▶ _To do_
All lines from the one that mentions "w0] by simp" through the last of the entries below must be copied exactly, with both ends kept.
+ + + + +
(* Let $\ell^\infty\neq0$ be a complex constant. For $k\in\{1,2\}$ let $\Sigma^{(k)}$ be finite disjoint index sets, and for $\alpha\in\Sigma^{(k)}$ let $m_\alpha\ge1$, $z_\alpha\in\mathbb C$ (pairwise distinct within each $\Sigma^{(k)}$), and $\ell^\alpha_{[p]}\in\mathbb C$ ($0\le p\le m_\alpha-1$) with $\ell^\alpha_{[m_\alpha-1]}\neq0$. Let $\chi_k(z)=\sum_{\alpha\in\Sigma^{(k)}}\sum_{p=0}^{m_\alpha-1}\frac{\ell^\alpha_{[p]}}{(z-z_\alpha)^{p+1}}$, $\varphi_k=\chi_k-\ell^\infty$, $M_k=\sum_{\alpha\in\Sigma^{(k)}}m_\alpha$, $M=M_1+M_2$, and assume the zeros $\zeta^{(1)}_i$ ($1\le i\le M_1$) of $\varphi_1$ and $\zeta^{(2)}_i$ ($M_1<i\le M$) of $\varphi_2$ are simple. For $\gamma\neq0$ let $\varphi_{1\otimes2,\gamma}(z)=\chi_1(z)+\chi_2(z-\gamma^{-1})-\ell^\infty$, and for $\gamma$ small let $\zeta_i(\gamma)$ be its zeros labelled so that $\zeta_i(\gamma)=\zeta^{(1)}_i+O(\gamma)$ for $i\le M_1$ and $\zeta_i(\gamma)=\gamma^{-1}+\zeta^{(2)}_i+O(\gamma)$ for $i>M_1$. Then for each $i\in\{1,\dots,M\}$, $\varphi_{1\otimes2,\gamma}'(\zeta_i(\gamma))=\varphi_k'(\zeta^{(k)}_i)+O(\gamma)$, with $k=1$ if $i\le M_1$ and $k=2$ if $i>M_1$. *)

theory Defs
  imports "HOL-Analysis.Analysis" "HOL-Library.Landau_Symbols"
begin

text \<open>The rational function chi_k(w) = sum over alpha in S, p < m alpha of
  l alpha p / (w - z alpha)^(p+1).  Only meaningful away from the poles z ` S.\<close>
definition chi :: "'a set \<Rightarrow> ('a \<Rightarrow> nat) \<Rightarrow> ('a \<Rightarrow> complex) \<Rightarrow> ('a \<Rightarrow> nat \<Rightarrow> complex)
                   \<Rightarrow> complex \<Rightarrow> complex" where
  "chi S m z l w = (\<Sum>\<alpha>\<in>S. \<Sum>p<m \<alpha>. l \<alpha> p / (w - z \<alpha>) ^ (p + 1))"

definition phi :: "'a set \<Rightarrow> ('a \<Rightarrow> nat) \<Rightarrow> ('a \<Rightarrow> complex) \<Rightarrow> ('a \<Rightarrow> nat \<Rightarrow> complex)
                   \<Rightarrow> complex \<Rightarrow> complex \<Rightarrow> complex" where
  "phi S m z l linf w = chi S m z l w - linf"

definition phi12 :: "'a set \<Rightarrow> 'a set \<Rightarrow> ('a \<Rightarrow> nat) \<Rightarrow> ('a \<Rightarrow> complex) \<Rightarrow> ('a \<Rightarrow> nat \<Rightarrow> complex)
                   \<Rightarrow> complex \<Rightarrow> complex \<Rightarrow> complex \<Rightarrow> complex" where
  "phi12 S1 S2 m z l linf \<gamma> w = chi S1 m z l w + chi S2 m z l (w - inverse \<gamma>) - linf"

definition poles12 :: "'a set \<Rightarrow> 'a set \<Rightarrow> ('a \<Rightarrow> complex) \<Rightarrow> complex \<Rightarrow> complex set" where
  "poles12 S1 S2 z \<gamma> = z ` S1 \<union> (\<lambda>\<alpha>. z \<alpha> + inverse \<gamma>) ` S2"

end

theory Submission imports Defs begin

text \<open>At a zero zeta_i(gamma) coming from phi_k, the derivative of phi12 is the derivative
  of chi_k at zeta_i(gamma), which is O(gamma)-close to phi_k'(zeta_i) because the zero moves
  by O(gamma), plus the derivative of the other chi at a point at distance of order 1/gamma
  from all of its poles, which decays like the inverse square and so is O(gamma^2).\<close>

definition dchi :: "'a set \<Rightarrow> ('a \<Rightarrow> nat) \<Rightarrow> ('a \<Rightarrow> complex) \<Rightarrow> ('a \<Rightarrow> nat \<Rightarrow> complex)
                    \<Rightarrow> complex \<Rightarrow> complex" where
  "dchi S m z l w = (\<Sum>\<alpha>\<in>S. \<Sum>p<m \<alpha>. - (of_nat (p + 1) * l \<alpha> p) / (w - z \<alpha>) ^ (p + 2))"

lemma has_field_derivative_pole_term:
  fixes a c w :: complex
  assumes "w \<noteq> a"
  shows "((\<lambda>w. c / (w - a) ^ (p + 1)) has_field_derivative
           - (of_nat (p + 1) * c) / (w - a) ^ (p + 2)) (at w)"
proof -
  have "((\<lambda>w. (w - a) ^ (p + 1)) has_field_derivative of_nat (p + 1) * (w - a) ^ p) (at w)"
    by (rule derivative_eq_intros refl | simp)+
  moreover have "(w - a) ^ (p + 1) \<noteq> 0" using assms by simp
  ultimately have "((\<lambda>w. c * inverse ((w - a) ^ (p + 1))) has_field_derivative
      c * - (of_nat (p + 1) * (w - a) ^ p * inverse (((w - a) ^ (p + 1)) ^ Suc (Suc 0)))) (at w)"
    by (intro DERIV_cmult DERIV_inverse_fun)
  then have "((\<lambda>w. c / (w - a) ^ (p + 1)) has_field_derivative
      c * - (of_nat (p + 1) * (w - a) ^ p * inverse (((w - a) ^ (p + 1)) ^ Suc (Suc 0)))) (at w)"
    by (simp only: divide_inverse)
  moreover have "c * - (of_nat (p + 1) * d ^ p * inverse ((d ^ (p + 1)) ^ Suc (Suc 0)))
      = - (of_nat (p + 1) * c) / d ^ (p + 2)" if "d \<noteq> 0" for d :: complex
    using that by (simp add: field_simps power_add)
  ultimately show ?thesis using assms by simp
qed

lemma has_field_derivative_chi:
  assumes "finite S" "w \<notin> z ` S"
  shows "(chi S m z l has_field_derivative dchi S m z l w) (at w)"
  unfolding chi_def[abs_def] dchi_def
  using assms by (intro DERIV_sum has_field_derivative_pole_term) auto

lemma deriv_phi:
  assumes "finite S" "w \<notin> z ` S"
  shows "deriv (phi S m z l linf) w = dchi S m z l w"
  unfolding phi_def[abs_def]
  using has_field_derivative_chi[OF assms]
  by (intro DERIV_imp_deriv) (auto intro!: derivative_eq_intros)

lemma deriv_phi12:
  assumes "finite S1" "finite S2" "w \<notin> z ` S1" "w - inverse \<gamma> \<notin> z ` S2"
  shows "deriv (phi12 S1 S2 m z l linf \<gamma>) w = dchi S1 m z l w + dchi S2 m z l (w - inverse \<gamma>)"
proof -
  have "((\<lambda>w. chi S2 m z l (w - inverse \<gamma>)) has_field_derivative dchi S2 m z l (w - inverse \<gamma>) * 1) (at w)"
    using has_field_derivative_chi[OF assms(2,4)]
    by (intro DERIV_chain2[where f = "chi S2 m z l"]) (auto intro!: derivative_eq_intros)
  then show ?thesis
    unfolding phi12_def[abs_def]
    using has_field_derivative_chi[OF assms(1,3), of m l]
    by (intro DERIV_imp_deriv) (auto intro!: derivative_eq_intros)
qed

lemma holomorphic_dchi: "finite S \<Longrightarrow> dchi S m z l holomorphic_on - z ` S"
  unfolding dchi_def by (intro holomorphic_intros) auto

lemma bigo_imp_tendsto_zero:
  fixes f h :: "'a \<Rightarrow> 'b::real_normed_field"
  assumes "f \<in> O[F](h)" "(h \<longlongrightarrow> 0) F"
  shows "(f \<longlongrightarrow> 0) F"
proof -
  obtain c where c: "eventually (\<lambda>x. norm (f x) \<le> c * norm (h x)) F"
    using landau_o.bigE[OF assms(1)] by blast
  have "((\<lambda>x. c * norm (h x)) \<longlongrightarrow> c * 0) F"
    by (intro tendsto_mult tendsto_const tendsto_norm_zero assms(2))
  then show ?thesis using Lim_null_comparison[OF c] by simp
qed

lemma bigo_diff_compose_field_differentiable:
  fixes f :: "'b::real_normed_field \<Rightarrow> 'b" and h :: "'a \<Rightarrow> 'b"
  assumes "f field_differentiable (at w0)" "(g \<longlongrightarrow> w0) F" "(\<lambda>x. g x - w0) \<in> O[F](h)"
  shows "(\<lambda>x. f (g x) - f w0) \<in> O[F](h)"
proof -
  obtain q where q: "\<And>w. f w - f w0 = q w * (w - w0)" "isCont q w0"
    using assms(1) unfolding field_differentiable_def CARAT_DERIV by blast
  have "((\<lambda>x. q (g x)) \<longlongrightarrow> q w0) F"
    using isCont_tendsto_compose[OF q(2) assms(2)] .
  then have "(\<lambda>x. q (g x)) \<in> O[F](\<lambda>_. 1)"
    by (intro bigoI_tendsto[where c = "q w0"]) simp_all
  from landau_o.big_mult[OF this assms(3)] show ?thesis by (simp add: q(1))
qed

lemma tendsto_pole_term_div_param:
  fixes v :: "complex \<Rightarrow> complex"
  assumes "((\<lambda>\<gamma>. \<gamma> * (v \<gamma> - a)) \<longlongrightarrow> c) (at 0)" "c \<noteq> 0"
  shows "((\<lambda>\<gamma>. k / (v \<gamma> - a) ^ (n + 2) / \<gamma>) \<longlongrightarrow> 0) (at 0)"
proof -
  have "k * \<gamma> ^ (n + 1) / (\<gamma> * y) ^ (n + 2) = k / y ^ (n + 2) / \<gamma>"
    if "\<gamma> \<noteq> 0" for \<gamma> y :: complex
    using that by (cases "y = 0") (simp_all add: power_mult_distrib power_add field_simps)
  then have "\<forall>\<^sub>F \<gamma> in at 0. k * \<gamma> ^ (n + 1) / (\<gamma> * (v \<gamma> - a)) ^ (n + 2)
      = k / (v \<gamma> - a) ^ (n + 2) / \<gamma>"
    by (simp add: eventually_at_filter)
  moreover have "((\<lambda>\<gamma>. k * \<gamma> ^ (n + 1) / (\<gamma> * (v \<gamma> - a)) ^ (n + 2))
      \<longlongrightarrow> k * 0 ^ (n + 1) / c ^ (n + 2)) (at 0)"
    using assms by (intro tendsto_intros) auto
  ultimately show ?thesis by (simp add: tendsto_cong)
qed

lemma dchi_far_bigo:
  fixes v :: "complex \<Rightarrow> complex"
  assumes "finite S" "((\<lambda>\<gamma>. \<gamma> * v \<gamma>) \<longlongrightarrow> c) (at 0)" "c \<noteq> 0"
  shows "\<forall>\<^sub>F \<gamma> in at 0. v \<gamma> \<notin> z ` S"
    and "(\<lambda>\<gamma>. dchi S m z l (v \<gamma>)) \<in> O[at 0](\<lambda>\<gamma>. \<gamma>)"
proof -
  have shifted: "((\<lambda>\<gamma>. \<gamma> * (v \<gamma> - a)) \<longlongrightarrow> c) (at 0)" for a
  proof -
    have "((\<lambda>\<gamma>. \<gamma> * v \<gamma> - \<gamma> * a) \<longlongrightarrow> c - 0 * a) (at 0)"
      by (intro tendsto_intros assms(2))
    then show ?thesis by (simp add: algebra_simps)
  qed
  have "\<forall>\<^sub>F \<gamma> in at 0. v \<gamma> \<noteq> a" for a
    using tendsto_imp_eventually_ne[OF shifted[of a] assms(3)] by (rule eventually_mono) auto
  then have "\<forall>\<^sub>F \<gamma> in at 0. \<forall>a\<in>z ` S. v \<gamma> \<noteq> a"
    using assms(1) by (simp add: eventually_ball_finite_distrib)
  then show "\<forall>\<^sub>F \<gamma> in at 0. v \<gamma> \<notin> z ` S"
    by (rule eventually_mono) blast
  have "((\<lambda>\<gamma>. dchi S m z l (v \<gamma>) / \<gamma>) \<longlongrightarrow> 0) (at 0)"
    unfolding dchi_def sum_divide_distrib
    by (intro tendsto_null_sum tendsto_pole_term_div_param[OF shifted assms(3)])
  then show "(\<lambda>\<gamma>. dchi S m z l (v \<gamma>)) \<in> O[at 0](\<lambda>\<gamma>. \<gamma>)"
    by (rule bigoI_tendsto) (simp add: eventually_at_filter)
qed

text \<open>A zero u of one factor, seen from the other factor of phi12, sits at
  u + c / gamma with c = -1 or c = 1.\<close>

lemma dchi_near_far_bigo:
  fixes u :: "complex \<Rightarrow> complex"
  assumes "finite S" "finite T" "w0 \<notin> z ` S" "(\<lambda>\<gamma>. u \<gamma> - w0) \<in> O[at 0](\<lambda>\<gamma>. \<gamma>)" "c \<noteq> 0"
  shows "\<forall>\<^sub>F \<gamma> in at 0. u \<gamma> \<notin> z ` S \<and> u \<gamma> + c * inverse \<gamma> \<notin> z ` T"
    and "(\<lambda>\<gamma>. dchi S m z l (u \<gamma>) + dchi T m z l (u \<gamma> + c * inverse \<gamma>) - dchi S m z l w0)
           \<in> O[at 0](\<lambda>\<gamma>. \<gamma>)"
proof -
  have "((\<lambda>\<gamma>. u \<gamma> - w0) \<longlongrightarrow> 0) (at 0)"
    using bigo_imp_tendsto_zero[OF assms(4) tendsto_ident_at] .
  then have u: "(u \<longlongrightarrow> w0) (at 0)"
    using tendsto_add_const_iff[of "- w0" u w0] by simp
  have "open (- z ` S)"
    using assms(1) by (simp add: finite_imp_closed open_Compl)
  then have "\<forall>\<^sub>F \<gamma> in at 0. u \<gamma> \<in> - z ` S"
    using topological_tendstoD[OF u] assms(3) by blast
  then have near: "\<forall>\<^sub>F \<gamma> in at 0. u \<gamma> \<notin> z ` S"
    by simp
  have "((\<lambda>\<gamma>. \<gamma> * u \<gamma> + c) \<longlongrightarrow> c) (at 0)"
    using tendsto_add[OF tendsto_mult[OF tendsto_ident_at u] tendsto_const, of c] by simp
  then have "((\<lambda>\<gamma>. \<gamma> * (u \<gamma> + c * inverse \<gamma>)) \<longlongrightarrow> c) (at 0)"
    by (rule Lim_transform_eventually) (simp add: eventually_at_filter field_simps)
  note far = dchi_far_bigo[OF assms(2) this assms(5)]
  show "\<forall>\<^sub>F \<gamma> in at 0. u \<gamma> \<notin> z ` S \<and> u \<gamma> + c * inverse \<gamma> \<notin> z ` T"
    using near far(1) by eventually_elim simp
  have "dchi S m z l field_differentiable at w0"
    using holomorphic_on_imp_differentiable_at[OF holomorphic_dchi[OF assms(1)] \<open>open (- z ` S)\<close>]
      assms(3) by simp
  from sum_in_bigo(1)[OF bigo_diff_compose_field_differentiable[OF this u assms(4)] far(2)]
  show "(\<lambda>\<gamma>. dchi S m z l (u \<gamma>) + dchi T m z l (u \<gamma> + c * inverse \<gamma>) - dchi S m z l w0)
          \<in> O[at 0](\<lambda>\<gamma>. \<gamma>)"
    by (simp add: algebra_simps)
qed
+ + + + +
▶ _Result of the exercise_
    using tendsto_add_const_iff[of "- w0" u w0] by simp
  have "open (- z ` S)"
    using assms(1) by (simp add: finite_imp_closed open_Compl)
  then have "\<forall>\<^sub>F \<gamma> in at 0. u \<gamma> \<in> - z ` S"
    using topological_tendstoD[OF u] assms(3) by blast
  then have near: "\<forall>\<^sub>F \<gamma> in at 0. u \<gamma> \<notin> z ` S"
    by simp
  have "((\<lambda>\<gamma>. \<gamma> * u \<gamma> + c) \<longlongrightarrow> c) (at 0)"
    using tendsto_add[OF tendsto_mult[OF tendsto_ident_at u] tendsto_const, of c] by simp
  then have "((\<lambda>\<gamma>. \<gamma> * (u \<gamma> + c * inverse \<gamma>)) \<longlongrightarrow> c) (at 0)"
    by (rule Lim_transform_eventually) (simp add: eventually_at_filter field_simps)
  note far = dchi_far_bigo[OF assms(2) this assms(5)]
  show "\<forall>\<^sub>F \<gamma> in at 0. u \<gamma> \<notin> z ` S \<and> u \<gamma> + c * inverse \<gamma> \<notin> z ` T"
    using near far(1) by eventually_elim simp
  have "dchi S m z l field_differentiable at w0"
    using holomorphic_on_imp_differentiable_at[OF holomorphic_dchi[OF assms(1)] \<open>open (- z ` S)\<close>]
      assms(3) by simp
  from sum_in_bigo(1)[OF bigo_diff_compose_field_differentiable[OF this u assms(4)] far(2)]
  show "(\<lambda>\<gamma>. dchi S m z l (u \<gamma>) + dchi T m z l (u \<gamma> + c * inverse \<gamma>) - dchi S m z l w0)
          \<in> O[at 0](\<lambda>\<gamma>. \<gamma>)"
    by (simp add: algebra_simps)
qed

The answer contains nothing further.